INPUT:
lemma supporting_hyperplane_frontier:
  fixes S :: "'a::euclidean_space set"
  assumes "convex S" "x \<in> frontier S"
  obtains a where "a \<noteq> 0" "\<And>y. y \<in> S \<Longrightarrow> a \<bullet> x \<le> a \<bullet> y"
proof (cases "x \<in> rel_interior S")
  case False
  moreover have "x \<in> closure S"
    using assms(2) by (simp add: frontier_def)
  ultimately obtain a where "a \<noteq> 0" "\<And>y. y \<in> closure S \<Longrightarrow> a \<bullet> x \<le> a \<bullet> y"
    using supporting_hyperplane_relative_frontier[OF assms(1)] by metis
  then show ?thesis
    by (intro that[of a]) (auto intro: closure_subset[THEN subsetD])
next
  case True
  text \<open>A frontier point in the relative interior forces S into a hyperplane.\<close>
  then have "rel_interior S \<noteq> interior S"
    using assms(2) by (auto simp: frontier_def)
  then have "aff_dim S < DIM('a)"
    using rel_interior_interior aff_dim_lt_full by metis
  then obtain a b where "a \<noteq> 0" "S \<subseteq> {y. a \<bullet> y = b}"
    by (rule aff_lowdim_subset_hyperplane)
  moreover have "x \<in> S"
    using True rel_interior_subset by blast
  ultimately show ?thesis
    by (intro that[of a]) (auto simp: subset_iff)
qed

lemma inner_ge_on_closure:
  assumes "\<forall>y\<in>G. b \<le> h \<bullet> y" "x \<in> closure G"
  shows "b \<le> h \<bullet> x"
  using closure_minimal[of G "{y. b \<le> h \<bullet> y}"] assms by (auto simp: closed_halfspace_ge)
text \<open>Within the compatibility class of \<open>x0\<close> (the affine space through \<open>x0\<close> orthogonal to
  \<open>W\<^sup>\<bottom>\<close>), the monotone quantity \<open>(ln x - ln x0) \<bullet> (x - x0)\<close> grows at most linearly in
  \<open>\<bar>x - x0\<bar>\<close> as long as \<open>ln x\<close> has bounded inner products with all of \<open>W\<close>: the component
  of \<open>ln x\<close> in \<open>span W\<close> is then bounded, and the other component is orthogonal to \<open>x - x0\<close>.\<close>
lemma compatibility_class_log_inner_bound:
  fixes W :: "(real^'n::finite) set" and x0 :: "real^'n"
  assumes fin: "finite W"
  shows "\<exists>C1\<ge>0. \<forall>x. (\<forall>z. (\<forall>w\<in>W. z \<bullet> w = 0) \<longrightarrow> z \<bullet> (x - x0) = 0)
          \<longrightarrow> (\<forall>w\<in>W. \<bar>log_vec x \<bullet> w\<bar> \<le> D)
          \<longrightarrow> (log_vec x - log_vec x0) \<bullet> (x - x0) \<le> C1 * norm (x - x0)"
proof -
  obtain m where m: "0 < m" "\<And>v. v \<in> span W \<Longrightarrow> m * norm v \<le> (\<Sum>w\<in>W. \<bar>v \<bullet> w\<bar>)"
    using span_norm_equiv[OF fin] by blast
  define C1 where "C1 = real (card W) * \<bar>D\<bar> / m + norm (log_vec x0)"
  show ?thesis
  proof (intro exI[of _ C1] conjI allI impI)
    show "0 \<le> C1" unfolding C1_def using m by auto
    fix x :: "real^'n"
    assume cl: "\<forall>z. (\<forall>w\<in>W. z \<bullet> w = 0) \<longrightarrow> z \<bullet> (x - x0) = 0"
      and lb: "\<forall>w\<in>W. \<bar>log_vec x \<bullet> w\<bar> \<le> D"
    obtain p q where pq: "p \<in> span W" "\<And>w. w \<in> span W \<Longrightarrow> orthogonal q w" "log_vec x = p + q"
      using orthogonal_subspace_decomp_exists[of W "log_vec x"] by metis
    have qw: "q \<bullet> w = 0" if "w \<in> W" for w
      using pq(2)[of w] that span_base by (auto simp: orthogonal_def)
    have "m * norm p \<le> (\<Sum>w\<in>W. \<bar>p \<bullet> w\<bar>)" by (rule m(2)[OF pq(1)])
    also have "\<dots> \<le> (\<Sum>w\<in>W. \<bar>D\<bar>)"
      using lb qw pq(3) by (intro sum_mono) (force simp: inner_add_left)
    finally have np: "norm p \<le> real (card W) * \<bar>D\<bar> / m" using m(1) by (simp add: field_simps)
    have "q \<bullet> (x - x0) = 0" using cl qw by blast
    hence "(log_vec x - log_vec x0) \<bullet> (x - x0) = p \<bullet> (x - x0) - log_vec x0 \<bullet> (x - x0)"
      using pq(3) by (simp add: inner_add_left inner_diff_left)
    also have "\<dots> \<le> norm p * norm (x - x0) + norm (log_vec x0) * norm (x - x0)"
      using Cauchy_Schwarz_ineq2[of p "x - x0"] Cauchy_Schwarz_ineq2[of "log_vec x0" "x - x0"] by linarith
    also have "\<dots> \<le> C1 * norm (x - x0)"
      using mult_right_mono[OF np norm_ge_zero[of "x - x0"]] unfolding C1_def by (simp add: distrib_right)
    finally show "(log_vec x - log_vec x0) \<bullet> (x - x0) \<le> C1 * norm (x - x0)" .
  qed
qed

text \<open>The linear
  upper bound above is beaten by the coercive lower bound with \<open>K = C1 + 1\<close>.\<close>
lemma compatibility_class_log_bound:
  fixes W :: "(real^'n::finite) set" and x0 :: "real^'n"
  assumes fin: "finite W" and x0: "\<forall>i. 0 < x0$i"
  shows "\<exists>B. \<forall>x. (\<forall>i. 0 < x$i) \<longrightarrow> (\<forall>z. (\<forall>w\<in>W. z \<bullet> w = 0) \<longrightarrow> z \<bullet> (x - x0) = 0)
          \<longrightarrow> (\<forall>w\<in>W. \<bar>log_vec x \<bullet> w\<bar> \<le> D) \<longrightarrow> norm x \<le> B"
proof -
  obtain C1 where C1: "0 \<le> C1" and upper: "\<And>x. \<forall>z. (\<forall>w\<in>W. z \<bullet> w = 0) \<longrightarrow> z \<bullet> (x - x0) = 0
      \<Longrightarrow> \<forall>w\<in>W. \<bar>log_vec x \<bullet> w\<bar> \<le> D \<Longrightarrow> (log_vec x - log_vec x0) \<bullet> (x - x0) \<le> C1 * norm (x - x0)"
    using compatibility_class_log_inner_bound[OF fin, of x0 D] by blast
  define K where "K = C1 + 1"
  define Z where "Z = (\<Sum>i\<in>UNIV. x0$i * exp K)"
  show ?thesis
  proof (intro exI[of _ "norm x0 + K * Z"] allI impI)
    fix x :: "real^'n"
    assume xp: "\<forall>i. 0 < x$i"
      and cl: "\<forall>z. (\<forall>w\<in>W. z \<bullet> w = 0) \<longrightarrow> z \<bullet> (x - x0) = 0"
      and lb: "\<forall>w\<in>W. \<bar>log_vec x \<bullet> w\<bar> \<le> D"
    define d where "d = x - x0"
    have "K * \<bar>d$i\<bar> - K * (x0$i * exp K) \<le> (ln (x$i) - ln (x0$i)) * d$i" for i
      using log_increment_coercive[of "x$i" "x0$i" K] xp x0 C1 unfolding d_def K_def by simp
    hence "(\<Sum>i\<in>UNIV. K * \<bar>d$i\<bar> - K * (x0$i * exp K)) \<le> (\<Sum>i\<in>UNIV. (ln (x$i) - ln (x0$i)) * d$i)"
      by (intro sum_mono)
    also have "\<dots> = (log_vec x - log_vec x0) \<bullet> d" by (simp add: inner_vec_def log_vec_def)
    also have "\<dots> \<le> C1 * norm d" unfolding d_def by (rule upper[OF cl lb])
    also have "\<dots> \<le> C1 * (\<Sum>i\<in>UNIV. \<bar>d$i\<bar>)" using C1 norm_le_l1_cart by (rule mult_left_mono[rotated])
    finally have "K * (\<Sum>i\<in>UNIV. \<bar>d$i\<bar>) - K * Z \<le> C1 * (\<Sum>i\<in>UNIV. \<bar>d$i\<bar>)"
      by (simp add: sum_subtractf sum_distrib_left Z_def)
    hence l1: "(\<Sum>i\<in>UNIV. \<bar>d$i\<bar>) \<le> K * Z" unfolding K_def by (simp add: algebra_simps)
    have "norm x \<le> norm x0 + norm d" unfolding d_def using norm_triangle_ineq[of x0 "x - x0"] by simp
    also have "\<dots> \<le> norm x0 + K * Z" using norm_le_l1_cart[of d] l1 by simp
    finally show "norm x \<le> norm x0 + K * Z" .
  qed
qed

text \<open>The largest value of \<open>\<kappa> t\<close> over all rates \<open>\<kappa> \<in> (\<eta>, 1/\<eta>)\<close>.\<close>
definition envelope :: "real \<Rightarrow> real \<Rightarrow> real" where
  "envelope \<eta> t = max (\<eta> * t) (t / \<eta>)"

lemma rate_le_envelope:
  fixes \<eta> k t :: real
  assumes "\<eta> < k" "k < 1 / \<eta>" "0 < \<eta>"
  shows "k * t \<le> envelope \<eta> t"
proof (cases "0 \<le> t")
  case True
  have "k * t \<le> (1 / \<eta>) * t" by (rule mult_right_mono) (use assms True in auto)
  thus ?thesis by (simp add: envelope_def)
next
  case False
  hence "k * t \<le> \<eta> * t" using assms by (intro mult_right_mono_neg) auto
  thus ?thesis by (simp add: envelope_def)
qed

lemma envelope_neg: "0 < \<eta> \<Longrightarrow> \<eta> < 1 \<Longrightarrow> t < 0 \<Longrightarrow> envelope \<eta> t = \<eta> * t"
  unfolding envelope_def by (smt (verit) mult_le_cancel_right1 mult_less_cancel_left_pos
      nonzero_mult_div_cancel_left times_divide_eq_right)

lemma envelope_le: "0 < \<eta> \<Longrightarrow> \<eta> < 1 \<Longrightarrow> t \<le> c \<Longrightarrow> 0 \<le> c \<Longrightarrow> envelope \<eta> t \<le> c / \<eta>"
  unfolding envelope_def
  by (smt (verit) divide_right_mono mult_le_cancel_right1 mult_nonneg_nonneg
      nonzero_mult_div_cancel_left times_divide_eq_right)

lemma exp_shift_mult_le: "0 \<le> s \<Longrightarrow> exp (M - s) * s \<le> exp M" for s M :: real
proof -
  assume s: "0 \<le> s"
  have "s \<le> exp s" using exp_ge_add_one_self[of s] by linarith
  hence "exp (M - s) * s \<le> exp (M - s) * exp s" by (intro mult_left_mono) auto
  also have "\<dots> = exp M" by (simp add: exp_add[symmetric])
  finally show ?thesis .
qed

lemma exp_increment_le:
  fixes a1 a2 M :: real
  assumes "a1 \<le> M" "a2 \<le> M"
  shows "exp a1 * (a2 - a1) \<le> exp M"
proof (cases "a2 \<le> a1")
  case True
  hence "exp a1 * (a2 - a1) \<le> 0" by (simp add: mult_nonneg_nonpos)
  thus ?thesis by (meson exp_ge_zero order_trans)
next
  case False
  have "exp a1 * (a2 - a1) \<le> exp a1 * (M - a1)" using assms by (intro mult_left_mono) auto
  also have "\<dots> = exp (M - (M - a1)) * (M - a1)" by simp
  also have "\<dots> \<le> exp M" using assms by (intro exp_shift_mult_le) simp
  finally show ?thesis .
qed

text \<open>The width of
  band \<open>k\<close> is chosen so that a drop across it from level \<open>M - d\<^sub>k\<close> outweighs all other
  reaction terms (with \<open>A = |R|/\<eta>\<^sup>2\<close>, see the dominance estimate below).\<close>
fun gap_seq :: "real \<Rightarrow> nat \<Rightarrow> real" where
  "gap_seq A 0 = 0"
| "gap_seq A (Suc k) = gap_seq A k + A * exp (gap_seq A k) + 1"

lemma gap_seq_nonneg: "0 \<le> A \<Longrightarrow> 0 \<le> gap_seq A k"
  by (induction k) auto

lemma gap_seq_mono: "0 \<le> A \<Longrightarrow> j \<le> k \<Longrightarrow> gap_seq A j \<le> gap_seq A k"
  by (rule lift_Suc_mono_le[of "gap_seq A"]) auto

text \<open>Pigeonhole: the \<open>card C\<close> values \<open>a y\<close> cannot meet all of the \<open>card C\<close> disjoint
  bands \<open>[M - d (k+1), M - d k)\<close>; hence one band is empty.\<close>
lemma empty_band_exists:
  fixes a :: "'c \<Rightarrow> real" and d :: "nat \<Rightarrow> real"
  assumes finC: "finite C" and top: "ytop \<in> C" "\<forall>y\<in>C. a y \<le> a ytop"
    and d0: "0 \<le> d 0" and dmono: "\<And>k. d k \<le> d (Suc k)"
  shows "\<exists>k<card C. \<forall>y\<in>C. a ytop - d k \<le> a y \<or> a y < a ytop - d (Suc k)"
proof (rule ccontr)
  assume "\<not> ?thesis"
  hence band: "\<exists>y\<in>C. a ytop - d (Suc k) \<le> a y \<and> a y < a ytop - d k" if "k < card C" for k
    using that by (force simp: not_le)
  define U where "U j = {y\<in>C. a ytop - d j \<le> a y}" for j
  have "j + 1 \<le> card (U j)" if "j \<le> card C" for j
    using that
  proof (induction j)
    case 0
    have "ytop \<in> U 0" using top d0 unfolding U_def by simp
    thus ?case using finC unfolding U_def by (auto simp: Suc_le_eq card_gt_0_iff)
  next
    case (Suc j)
    obtain y where y: "y \<in> C" "a ytop - d (Suc j) \<le> a y" "a y < a ytop - d j"
      using band[of j] Suc.prems by auto
    have "U j \<subset> U (Suc j)" using y dmono[of j] unfolding U_def by force
    hence "card (U j) < card (U (Suc j))" using finC by (intro psubset_card_mono) (auto simp: U_def)
    thus ?case using Suc by simp
  qed
  moreover have "card (U (card C)) \<le> card C" using finC unfolding U_def by (intro card_mono) auto
  ultimately show False by fastforce
qed

lemma path_leaves_set:
  assumes "(u, v) \<in> R\<^sup>*" "u \<in> T" "v \<notin> T"
  shows "\<exists>r\<in>R. fst r \<in> T \<and> snd r \<notin> T"
  using assms
proof (induction rule: rtrancl_induct)
  case (step w v)
  thus ?case by (cases "w \<in> T") force+
qed simp

text \<open>The dominance estimate: one strongly negative term beats \<open>card R\<close> terms of size at
  most \<open>e^M\<close>, even after each term is distorted by an unknown rate in \<open>(\<eta>, 1/\<eta>)\<close>.\<close>
lemma envelope_sum_negative:
  fixes g :: "'r \<Rightarrow> real"
  assumes finR: "finite R" and r0: "r0 \<in> R" and eta: "0 < \<eta>" "\<eta> < 1" and d: "0 \<le> d"
    and drop: "g r0 \<le> - exp (M - d) * (real (card R) / \<eta>^2 * exp d + 1)"
    and small: "\<And>r. r \<in> R \<Longrightarrow> g r \<le> exp M"
  shows "(\<Sum>r\<in>R. envelope \<eta> (g r)) < 0"
proof -
  have "0 < exp (M - d) * (real (card R) / \<eta>^2 * exp d + 1)"
    by (intro mult_pos_pos) (auto intro: add_nonneg_pos)
  hence "g r0 < 0" using drop by linarith
  hence F0: "envelope \<eta> (g r0) = \<eta> * g r0" using eta by (rule envelope_neg[rotated -1])
  have "(\<Sum>r\<in>R. envelope \<eta> (g r)) = envelope \<eta> (g r0) + (\<Sum>r\<in>R - {r0}. envelope \<eta> (g r))"
    using r0 finR by (simp add: sum.remove)
  also have "(\<Sum>r\<in>R - {r0}. envelope \<eta> (g r)) \<le> (\<Sum>r\<in>R - {r0}. exp M / \<eta>)"
    using small eta by (intro sum_mono envelope_le) auto
  also have "\<dots> \<le> real (card R) * (exp M / \<eta>)"
  proof -
    have "real (card (R - {r0})) \<le> real (card R)" using finR by (simp add: card_mono)
    hence "real (card (R - {r0})) * (exp M / \<eta>) \<le> real (card R) * (exp M / \<eta>)"
      using eta by (intro mult_right_mono) auto
    thus ?thesis by (simp only: sum_constant)
  qed
  finally have sum: "(\<Sum>r\<in>R. envelope \<eta> (g r)) \<le> \<eta> * g r0 + real (card R) * (exp M / \<eta>)"
    using F0 by simp
  have "\<eta> * g r0 \<le> \<eta> * (- exp (M - d) * (real (card R) / \<eta>^2 * exp d + 1))"
    using drop eta by (intro mult_left_mono) auto
  also have "\<dots> = - (real (card R) * (exp M / \<eta>)) - \<eta> * exp (M - d)"
    using eta by (simp add: field_simps power2_eq_square exp_diff)
  finally have "(\<Sum>r\<in>R. envelope \<eta> (g r)) \<le> - \<eta> * exp (M - d)" using sum by simp
  also have "\<dots> < 0" using eta by simp
  finally show ?thesis .
qed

ASSIGNED TASK:
Within the entries above, find each line where "verit" appears; copy every one.

YOUR SOLUTION:
  unfolding envelope_def by (smt (verit) mult_le_cancel_right1 mult_less_cancel_left_pos
  by (smt (verit) divide_right_mono mult_le_cancel_right1 mult_nonneg_nonneg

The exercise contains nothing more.